# PRAGUE | Central Business District (by Zaha Hadid) | Pro



## MettP (Dec 31, 2012)

"Central Prague located between Masarykovo nádraží railway station and Florenc will change beyond recognition over the next seven years. The area will see the construction of a new commercial complex, in the style of The City of London financial district, thanks to an investment of billions of crowns from Penta investment group and the work of world-famous architect Zaha Hadid. It was one of the last projects which Hadid participated in before she passed away in March this year." (by E15.cz)

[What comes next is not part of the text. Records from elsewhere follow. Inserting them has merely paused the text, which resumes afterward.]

lemma susp_pt_in_wedge_image:
  assumes "p \<in> N" "0 \<le> s" "s \<le> 1" "s < 1 \<Longrightarrow> y \<in> anti_rips_points r (far p)"
  shows "susp_pt p s y \<in> wedge_image"
proof -
  obtain z where z: "z \<in> topspace (far_susp p)" and embed: "embed_susp p z = susp_pt p s y"
  proof (cases "s = 1")
    case True
    then show ?thesis
      using that[of South] by (auto simp: topspace_far_susp embed_susp_def intro: susp_pt_1)
  next
    case False
    then show ?thesis
      using that[of "susp_map (y, 1 - 2 * s)"] assms by (auto simp: topspace_far_susp embed_susp_susp_map)
  qed
  have "wedge_quot (p, z) \<in> topspace wedge_space"
    using assms(1) z by (auto simp: topspace_wedge_space)
  then show ?thesis
    using embed unfolding wedge_image_def by (metis embed_wedge_simps(4) image_eqI)
qed

lemma wedge_image_cases:
  assumes "v \<in> wedge_image"
  obtains "v = zero_pt"
  | p s y where "p \<in> N" "0 < s" "s \<le> 1" "s < 1 \<Longrightarrow> y \<in> anti_rips_points r (far p)"
      "v = susp_pt p s y"
proof -
  obtain w where w: "w \<in> topspace wedge_space" "v = embed_wedge w"
    using assms by (auto simp: wedge_image_def)
  then show ?thesis
    by (cases rule: wedge_space_cases) (use that in \<open>auto simp: embed_wedge_simps\<close>)
qed

lemma wedge_image_subset: "wedge_image \<subseteq> extensional P"
  by (auto elim!: wedge_image_cases simp: zero_pt_def susp_pt_def)

lemma topspace_embedded_wedge: "topspace embedded_wedge = wedge_image"
  using wedge_image_subset by (auto simp: embedded_wedge_def PiE_def)

lemma susp_pt_N: "p \<in> N \<Longrightarrow> q \<in> N \<Longrightarrow> susp_pt p s y q = (if q = p then s else 0)"
  using N_subset N_disjoint_far by (auto simp: susp_pt_def)

lemma susp_pt_m: "p \<in> N \<Longrightarrow> susp_pt p s y m = 0"
  using m_in_P m_notin_N m_notin_far by (auto simp: susp_pt_def)

lemma susp_pt_far_m:
  "p \<in> N \<Longrightarrow> q \<in> far m \<Longrightarrow> susp_pt p s y q = (if q \<in> far p then s * (1 - s) * y q else 0)"
  using far_subset far_m_disjoint_N by (auto simp: susp_pt_def)

lemma near_mass_susp_pt: "p \<in> N \<Longrightarrow> near_mass (susp_pt p s y) = s"
  by (subst near_mass_single[of p]) (auto simp: susp_pt_N)

lemma near_mass_zero_pt: "near_mass zero_pt = 0"
  using N_subset by (intro near_mass_zero) (auto simp: zero_pt_def)

lemma wedge_image_far_coord:
  assumes v: "v \<in> wedge_image" and q: "q \<in> far m"
  shows "0 \<le> v q \<and> v q \<le> near_mass v"
  using v
proof (cases rule: wedge_image_cases)
  case 1
  then show ?thesis
    using q far_subset by (simp add: near_mass_zero_pt) (auto simp: zero_pt_def)
next
  case (2 p s y)
  have "0 \<le> y q \<and> y q \<le> 1" if "s < 1" "q \<in> far p"
    using 2 that anti_rips_points_le_1[of y r "far p" q] finite_far
    by (auto simp: anti_rips_points_def)
  then have "0 \<le> s * (1 - s) * y q \<and> s * (1 - s) * y q \<le> s" if "q \<in> far p"
    using 2 that mult_le_one[of "1 - s" "y q"]
    by (cases "s = 1") (auto simp: mult_left_le)
  then show ?thesis
    using 2 q by (simp add: susp_pt_far_m near_mass_susp_pt)
qed

definition collapse :: "(real \<Rightarrow> real) \<Rightarrow> real \<Rightarrow> real" where
  "collapse x = (\<lambda>q\<in>P. if q \<in> N then x q else if q = m then 0 else near_mass x * x q)"

lemma collapse_vanishing_near: "(\<And>q. q \<in> N \<Longrightarrow> x q = 0) \<Longrightarrow> collapse x = zero_pt"
  using near_mass_zero[of x] by (auto simp: collapse_def zero_pt_def)

lemma collapse_join_pt_m: "(\<And>q. q \<in> V \<Longrightarrow> q \<notin> N) \<Longrightarrow> collapse (join_pt m V a y) = zero_pt"
  using m_notin_N N_subset by (intro collapse_vanishing_near) (auto simp: join_pt_def)

lemma collapse_join_pt:
  assumes p: "p \<in> N"
  shows "collapse (join_pt p (far p) s y) = susp_pt p s y"
proof (rule ext_eqI)
  have mass: "near_mass (join_pt p (far p) s y) = s"
    using p N_subset N_disjoint_far by (subst near_mass_single[of p]) (auto simp: join_pt_def)
  show "collapse (join_pt p (far p) s y) m = susp_pt p s y m"
    using p m_in_P m_notin_N by (simp add: collapse_def susp_pt_m)
  show "collapse (join_pt p (far p) s y) q = susp_pt p s y q" if "q \<in> N" for q
  proof -
    have "p \<in> P" "q \<in> P" "q \<notin> far p"
      using p that N_subset N_disjoint_far by auto
    then show ?thesis
      using p that by (simp add: collapse_def join_pt_def susp_pt_N)
  qed
  show "collapse (join_pt p (far p) s y) q = susp_pt p s y q" if "q \<in> far m" for q
  proof -
    have "q \<in> P" "q \<noteq> p" "q \<noteq> m" "q \<notin> N"
      using that p far_subset far_m_disjoint_N notin_far_self by auto
    then show ?thesis
      using p that by (simp add: collapse_def mass) (simp add: join_pt_def susp_pt_far_m)
  qed
qed (auto simp: collapse_def susp_pt_def)

lemma collapse_in_wedge_image:
  assumes x: "x \<in> T"
  shows "collapse x \<in> wedge_image"
  using x
proof (cases rule: T_near_cases)
  case 1
  then show ?thesis
    by (simp add: collapse_vanishing_near zero_pt_in_wedge_image)
next
  case (2 p)
  then have "p \<in> P"
    using N_subset by blast
  obtain y where y: "x p < 1 \<Longrightarrow> y \<in> anti_rips_points r (far p)"
      and x_eq: "x = join_pt p (far p) (x p) y"
    using T_eq_join_pt[OF x \<open>p \<in> P\<close>] 2(3) by blast
  have "x p \<le> 1"
    using x \<open>p \<in> P\<close> finite_P anti_rips_points_le_1 by blast
  then show ?thesis
    using 2 y by (subst x_eq) (auto simp: collapse_join_pt intro!: susp_pt_in_wedge_image)
qed

text \<open>For both s \<le> 1/2 and s \<ge> 1/2 the denominator undoes the factor s (1 - s) of susp_pt p s y.\<close>

definition expand :: "(real \<Rightarrow> real) \<Rightarrow> real \<Rightarrow> real" where
  "expand v = (\<lambda>q\<in>P. if q = m then max 0 (1 - 2 * near_mass v)
     else if q \<in> N then max 0 (2 * v q - 1)
     else v q / (max (near_mass v) (1/2) * (1 - min (near_mass v) (1/2))))"

lemma expand_zero_pt: "expand zero_pt = join_pt m {} 1 y"
proof (rule ext_eqI)
  show "expand zero_pt m = join_pt m {} 1 y m"
    using m_in_P by (simp add: expand_def join_pt_def near_mass_zero_pt)
  show "expand zero_pt q = join_pt m {} 1 y q" if "q \<in> N" for q
    using that N_subset m_notin_N by (auto simp: expand_def join_pt_def zero_pt_def)
  show "expand zero_pt q = join_pt m {} 1 y q" if "q \<in> far m" for q
    using that far_subset notin_far_self far_m_disjoint_N
    by (auto simp: expand_def join_pt_def zero_pt_def)
qed (auto simp: expand_def join_pt_def)

lemma expand_susp_pt_m: "p \<in> N \<Longrightarrow> expand (susp_pt p s y) m = max 0 (1 - 2 * s)"
  using m_in_P by (simp add: expand_def near_mass_susp_pt)

lemma expand_susp_pt_N:
  "p \<in> N \<Longrightarrow> q \<in> N \<Longrightarrow> expand (susp_pt p s y) q = (if q = p then max 0 (2 * s - 1) else 0)"
  using N_subset m_notin_N by (auto simp: expand_def susp_pt_N)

Construction will start with this building in 2 years, it should be completed by 2019. Other parts of the complex will follow.




























A video and article (in Czech): http://ekonomika.idnes.cz/podivejte-se-jak-ma-vypadat-dospivova-ulice-fee-/ekonomika.aspx?c=A160505_082757_ekonomika_rny


----------



## MettP (Dec 31, 2012)

And a new article in English: http://www.worldarchitecturenews.com/project/2016/26685/zaha-hadid-architects/central-business-district-in-prague.html


----------



## 1+1=3 (Apr 10, 2010)

Big dislike. Project out of context of the place and the city, oversized without any original idea, just wannabe-posh office buildings.


----------



## ov_79 (Mar 21, 2008)

Well, good architecture, bad urbanism.

It would be nice letting Zaha Hadid put a fingerprint in Prague though.


----------



## JMGA196 (Jan 1, 2013)

Horrible.


----------